В.Б. Можно такой проект считать вариантом христианского социализма?
Л.Б. Нет. Я не верю в христианский социализм. Это сладкая селёдка. Достоевский чётко сказал: социализм не прав, потому что есть Бог… Добавить нечего. А если Бога нет, тогда прав социализм. Ещё раз повторю: если Бога нет, то единственная правда на земле у социализма. Всё остальное не право…
В.Б. Вот почему они и воюют с Богом. Дабы оказаться правыми. Но сегодня с Богом воюют не столько социалисты, сколько наши правые либералы. Как ты думаешь, сегодня в душах русских людей есть Бог? Или мы настолько уже наказаны Богом за свои грехи, что у нас нет будущего?

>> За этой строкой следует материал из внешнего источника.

(* Let $d\in\mathbb{N}$ and $M(t)=t\log(e+t)$, $t>0$. There are constants $0<c_d\le C_d$ depending only on $d$ such that for every measurable function $f$ on $\mathbb{R}^d$, $$c_d\Big(\|f\|_{L_M(\mathbb{R}^d)}+\int_{\mathbb{R}^d}|f(s)|\log(1+|s|)ds\Big)\le \|f\chi_{\mathbb{B}^d}\|_{L_M(\mathbb{R}^d)}+\|(Vf)\chi_{\mathbb{B}^d}\|_{L_M(\mathbb{R}^d)}\le C_d\Big(\|f\|_{L_M(\mathbb{R}^d)}+\int_{\mathbb{R}^d}|f(s)|\log(1+|s|)ds\Big).$$
   Context: $\mathbb{B}^d$ is the unit ball of $\mathbb{R}^d$ with Lebesgue measure. $(Vf)(t)=|t|^{-2d}f(t/|t|^2)$. $\|g\|_{L_M}=\inf\{\lambda>0:\int M(|g|/\lambda)\le1\}$ (Lebesgue measure); quantities may be $+\infty$. *)

theory Defs
  imports "HOL-Analysis.Analysis"
begin

definition LlogL :: "real \<Rightarrow> real" where
  "LlogL t = t * ln (exp 1 + t)"

text \<open>Luxemburg norm w.r.t. Lebesgue measure, valued in [0, \<infinity>]
  (infimum of the empty set is \<infinity>).\<close>
definition orlicz_norm :: "(real \<Rightarrow> real) \<Rightarrow> ('a::euclidean_space \<Rightarrow> real) \<Rightarrow> ennreal" where
  "orlicz_norm M g = Inf {ennreal l | l. l > 0 \<and>
      (\<integral>\<^sup>+ x. ennreal (M (\<bar>g x\<bar> / l)) \<partial>lebesgue) \<le> 1}"

text \<open>Inversion operator (Vf)(t) = |t|^(-2d) f(t/|t|^2), with d = DIM('a);
  at t = 0 it evaluates to 0 (a null set).\<close>
definition Vop :: "('a::euclidean_space \<Rightarrow> real) \<Rightarrow> 'a \<Rightarrow> real" where
  "Vop f t = inverse (norm t ^ (2 * DIM('a))) * f (t /\<^sub>R (norm t ^ 2))"

end

(*
  Write d = DIM('a), w(t) = |t|^(-2d) and \<iota>(t) = t/|t|^2, so that V f = w * (f o \<iota>).
  The inversion \<iota> is an involution exchanging the punctured unit ball and the exterior of the
  ball, so after the substitution s = \<iota>(t) the LlogL-modular of (V f) \<chi>_B at level \<lambda> becomes
  the modular of f outside the ball with integrand (|f|/\<lambda>) log(e + |s|^(2d) |f|/\<lambda>).
  The substitution is only needed up to a constant: the image of w * Lebesgue measure under \<iota> is
  dominated by a multiple of Lebesgue measure, because on small balls away from 0 the inversion has
  explicit Lipschitz bounds, and the Vitali covering lemma extends ball estimates to Borel sets.
  For the upper bound, the weight |s|^(2d) inside the logarithm costs at most 2d log(1 + |s|).
  For the lower bound, log |s| is dominated by that logarithm wherever |f|/\<lambda> \<ge> |s|^(1/2 - 2d);
  elsewhere |f| log |s| is bounded by the integrable function |s|^(-d - 1/4).
*)

theory Submission
  imports Defs
begin

section \<open>Lebesgue domination from estimates on small balls\<close>

lemma emeasure_UN_countable_le:
  assumes "countable I" and sets: "\<And>i. i \<in> I \<Longrightarrow> X i \<in> sets M"
  shows "emeasure M (\<Union>i\<in>I. X i) \<le> (\<integral>\<^sup>+i. emeasure M (X i) \<partial>count_space I)"
proof (cases "finite I")
  case True
  then show ?thesis
    using sets by (simp add: nn_integral_count_space_finite emeasure_subadditive_finite image_subset_iff)
next
  case False
  then have bij: "bij_betw (from_nat_into I) UNIV I"
    using \<open>countable I\<close> by (rule bij_betw_from_nat_into[rotated])
  have "(\<Union>i\<in>I. X i) = (\<Union>n. X (from_nat_into I n))"
    using False \<open>countable I\<close> by (intro UN_from_nat_into) auto
  also have "emeasure M \<dots> \<le> (\<Sum>n. emeasure M (X (from_nat_into I n)))"
    using bij sets by (intro emeasure_subadditive_countably) (auto simp: bij_betw_def)
  also have "\<dots> = (\<integral>\<^sup>+i. emeasure M (X i) \<partial>count_space I)"
    by (simp only: nn_integral_count_space_nat[symmetric]) (rule nn_integral_bij_count_space[OF bij])
  finally show ?thesis .
qed

lemma ball_in_borel [measurable]: "ball (x::'a::euclidean_space) r \<in> sets borel"
  by simp

lemma lborel_outer_open:
  fixes E :: "'a::euclidean_space set"
  assumes E: "E \<in> sets borel" and "0 < e"
  obtains T where "open T" "E \<subseteq> T" "emeasure lborel T \<le> emeasure lborel E + ennreal e"
proof -
  have E_leb: "E \<in> sets lebesgue"
    using E by (simp add: sets_completionI_sets)
  obtain T where "open T" "E \<subseteq> T" "T - E \<in> lmeasurable" "emeasure lebesgue (T - E) < ennreal e"
    by (rule sets_lebesgue_outer_open[OF E_leb \<open>0 < e\<close>])
  have "emeasure lborel T = emeasure lebesgue (E \<union> (T - E))"
    using \<open>open T\<close> \<open>E \<subseteq> T\<close> by (simp add: Un_absorb1)
  also have "\<dots> \<le> emeasure lebesgue E + emeasure lebesgue (T - E)"
    using E_leb \<open>T - E \<in> lmeasurable\<close> by (intro emeasure_subadditive) (auto dest: fmeasurableD)
  also have "\<dots> \<le> emeasure lborel E + ennreal e"
    using E \<open>emeasure lebesgue (T - E) < ennreal e\<close> by (intro add_mono) (simp_all add: less_imp_le)
  finally show ?thesis
    by (rule that[OF \<open>open T\<close> \<open>E \<subseteq> T\<close>])
qed

lemma emeasure_le_lborel_of_Vitali_cover:
  fixes \<nu> :: "'a::euclidean_space measure"
  assumes sets_\<nu>: "sets \<nu> = sets borel" and "T \<in> sets borel"
    and r: "\<And>x. x \<in> E \<Longrightarrow> 0 < r x \<and> r x \<le> 1 \<and> ball x (r x) \<subseteq> T"
    and balls: "\<And>x. x \<in> E \<Longrightarrow> emeasure \<nu> (ball x (5 * r x)) \<le> ennreal K * emeasure lborel (ball x (r x))"
  shows "emeasure \<nu> E \<le> ennreal K * emeasure lborel T"
proof -
  have "E \<subseteq> (\<Union>x\<in>E. ball x (r x))"
  proof
    fix x
    assume "x \<in> E"
    moreover have "x \<in> ball x (r x)"
      using r[OF \<open>x \<in> E\<close>] by simp
    ultimately show "x \<in> (\<Union>x\<in>E. ball x (r x))"
      by blast
  qed
  then obtain C where "countable C" "C \<subseteq> E"
    and disj: "pairwise (\<lambda>i j. disjnt (ball i (r i)) (ball j (r j))) C"
    and cover: "E \<subseteq> (\<Union>i\<in>C. ball i (5 * r i))"
    by (rule Vitali_covering_lemma_balls[where a="\<lambda>x. x" and B=1]) (use r in auto)
  have "(\<Union>i\<in>C. ball i (5 * r i)) \<in> sets \<nu>"
    unfolding sets_\<nu> using \<open>countable C\<close> by (intro sets.countable_UN') auto
  then have "emeasure \<nu> E \<le> emeasure \<nu> (\<Union>i\<in>C. ball i (5 * r i))"
    by (rule emeasure_mono[OF cover])
  also have "\<dots> \<le> (\<integral>\<^sup>+i. emeasure \<nu> (ball i (5 * r i)) \<partial>count_space C)"
    using \<open>countable C\<close> by (intro emeasure_UN_countable_le) (auto simp: sets_\<nu>)
  also have "\<dots> \<le> (\<integral>\<^sup>+i. ennreal K * emeasure lborel (ball i (r i)) \<partial>count_space C)"
    using balls \<open>C \<subseteq> E\<close> by (intro nn_integral_mono) auto
  also have "\<dots> = ennreal K * (\<integral>\<^sup>+i. emeasure lborel (ball i (r i)) \<partial>count_space C)"
    by (rule nn_integral_cmult) simp
  also have "(\<integral>\<^sup>+i. emeasure lborel (ball i (r i)) \<partial>count_space C) = emeasure lborel (\<Union>i\<in>C. ball i (r i))"
    using \<open>countable C\<close> disj
    by (intro emeasure_UN_countable[symmetric]) (auto simp: disjoint_family_on_def pairwise_def disjnt_def)
  also have "emeasure lborel (\<Union>i\<in>C. ball i (r i)) \<le> emeasure lborel T"
    using r \<open>C \<subseteq> E\<close> \<open>T \<in> sets borel\<close> by (intro emeasure_mono) auto
  finally show ?thesis
    by (simp add: mult_left_mono)
qed

lemma emeasure_le_lborel_of_small_balls:
  fixes \<nu> :: "'a::euclidean_space measure"
  assumes sets_\<nu>: "sets \<nu> = sets borel" and E: "E \<in> sets borel" and "0 \<le> K"
    and balls: "\<And>x. x \<in> E \<Longrightarrow> \<exists>\<delta>>0. \<forall>r. 0 < r \<and> r < \<delta> \<longrightarrow>
                  emeasure \<nu> (ball x (5 * r)) \<le> ennreal K * emeasure lborel (ball x r)"
  shows "emeasure \<nu> E \<le> ennreal K * emeasure lborel E"
proof (rule ennreal_le_epsilon)
  fix e :: real
  assume "0 < e"
  define e' where "e' = e / (K + 1)"
  have "0 < e'"
    using \<open>0 < e\<close> \<open>0 \<le> K\<close> by (simp add: e'_def)
  obtain T where "open T" "E \<subseteq> T" and T: "emeasure lborel T \<le> emeasure lborel E + ennreal e'"
    using lborel_outer_open[OF E \<open>0 < e'\<close>] by blast
  have "\<forall>x\<in>E. \<exists>r. (0 < r \<and> r \<le> 1 \<and> ball x r \<subseteq> T) \<and>
          emeasure \<nu> (ball x (5 * r)) \<le> ennreal K * emeasure lborel (ball x r)"
  proof
    fix x
    assume x: "x \<in> E"
    obtain \<delta> where "0 < \<delta>" and \<delta>: "\<And>r. 0 < r \<Longrightarrow> r < \<delta> \<Longrightarrow>
        emeasure \<nu> (ball x (5 * r)) \<le> ennreal K * emeasure lborel (ball x r)"
      using balls[OF x] by blast
    obtain \<epsilon> where "0 < \<epsilon>" "ball x \<epsilon> \<subseteq> T"
      using \<open>open T\<close> \<open>E \<subseteq> T\<close> x openE by blast
    define \<rho> where "\<rho> = min (\<delta> / 2) (min 1 \<epsilon>)"
    have "0 < \<rho>" "\<rho> < \<delta>" "\<rho> \<le> 1" "ball x \<rho> \<subseteq> T"
      using \<open>0 < \<delta>\<close> \<open>0 < \<epsilon>\<close> subset_ball[of \<rho> \<epsilon> x] \<open>ball x \<epsilon> \<subseteq> T\<close> by (auto simp: \<rho>_def)
    then show "\<exists>r. (0 < r \<and> r \<le> 1 \<and> ball x r \<subseteq> T) \<and>
        emeasure \<nu> (ball x (5 * r)) \<le> ennreal K * emeasure lborel (ball x r)"
      using \<delta>[of \<rho>] by blast
  qed
  from bchoice[OF this] obtain r where "\<forall>x\<in>E. (0 < r x \<and> r x \<le> 1 \<and> ball x (r x) \<subseteq> T) \<and>
      emeasure \<nu> (ball x (5 * r x)) \<le> ennreal K * emeasure lborel (ball x (r x))" ..
  then have r: "\<And>x. x \<in> E \<Longrightarrow> 0 < r x \<and> r x \<le> 1 \<and> ball x (r x) \<subseteq> T"
    and r_balls: "\<And>x. x \<in> E \<Longrightarrow> emeasure \<nu> (ball x (5 * r x)) \<le> ennreal K * emeasure lborel (ball x (r x))"
    by auto
  have "emeasure \<nu> E \<le> ennreal K * emeasure lborel T"
    by (rule emeasure_le_lborel_of_Vitali_cover[OF sets_\<nu> borel_open[OF \<open>open T\<close>] r r_balls])
  also have "\<dots> \<le> ennreal K * (emeasure lborel E + ennreal e')"
    using T by (rule mult_left_mono) simp
  also have "\<dots> = ennreal K * emeasure lborel E + ennreal (K * e')"
    using \<open>0 \<le> K\<close> \<open>0 < e'\<close> by (simp add: distrib_left ennreal_mult)
  also have "\<dots> \<le> ennreal K * emeasure lborel E + ennreal e"
    using \<open>0 < e\<close> \<open>0 \<le> K\<close> by (intro add_left_mono ennreal_leI) (simp add: e'_def field_simps)
  finally show "emeasure \<nu> E \<le> ennreal K * emeasure lborel E + ennreal e" .
qed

Л.Б. В течение семидесяти лет было выстроено для людей НАДБОГОУБЕЖИЩЕ, через которое почти невозможно было пробиться к Богу. Увы, в значительной части нашего народа сегодня нет места вере… Но есть уже тяга, тенденция, нескрываемый интерес. Движение в сторону Бога.
В.Б. Ну а что бы ты, Леонид, выбрал из двух безбожных вариантов: социалистическую Россию или нынешнюю коррумпированную Россию?
Л.Б. Как говорится — оба хуже. Коммунизм был запрограммирован на саморазрушение. Мы подорвались на праве наций на самоопределение. Но многие до сих пор не понимают, что мы подорвались на атеизме. Это главная мина, которая и взорвала государство. Ни у одного народа не отнимали на семьдесят лет его тысячелетнюю национальную религию. Поэтому даже не с кем сравнивать. Сегодня у нас состояние смуты. А смута — это и есть повреждение пониманий. Смута XVII века не затронула Православие. Безусловно, ей предшествовали ереси того времени, но всё-таки основная часть народа оставалась православной. Перелом той смуты наступил не с Мининым и Пожарским, а намного раньше, когда присягнули польскому королевичу Владиславу. Присягнули единому закону. Кончилась эпоха самозванцев. Владислав был представителем мировой династии, он обещал принять Православие, и русский народ не виноват в том, что он оказался мошенником. Он присягал уже как бы законному государю.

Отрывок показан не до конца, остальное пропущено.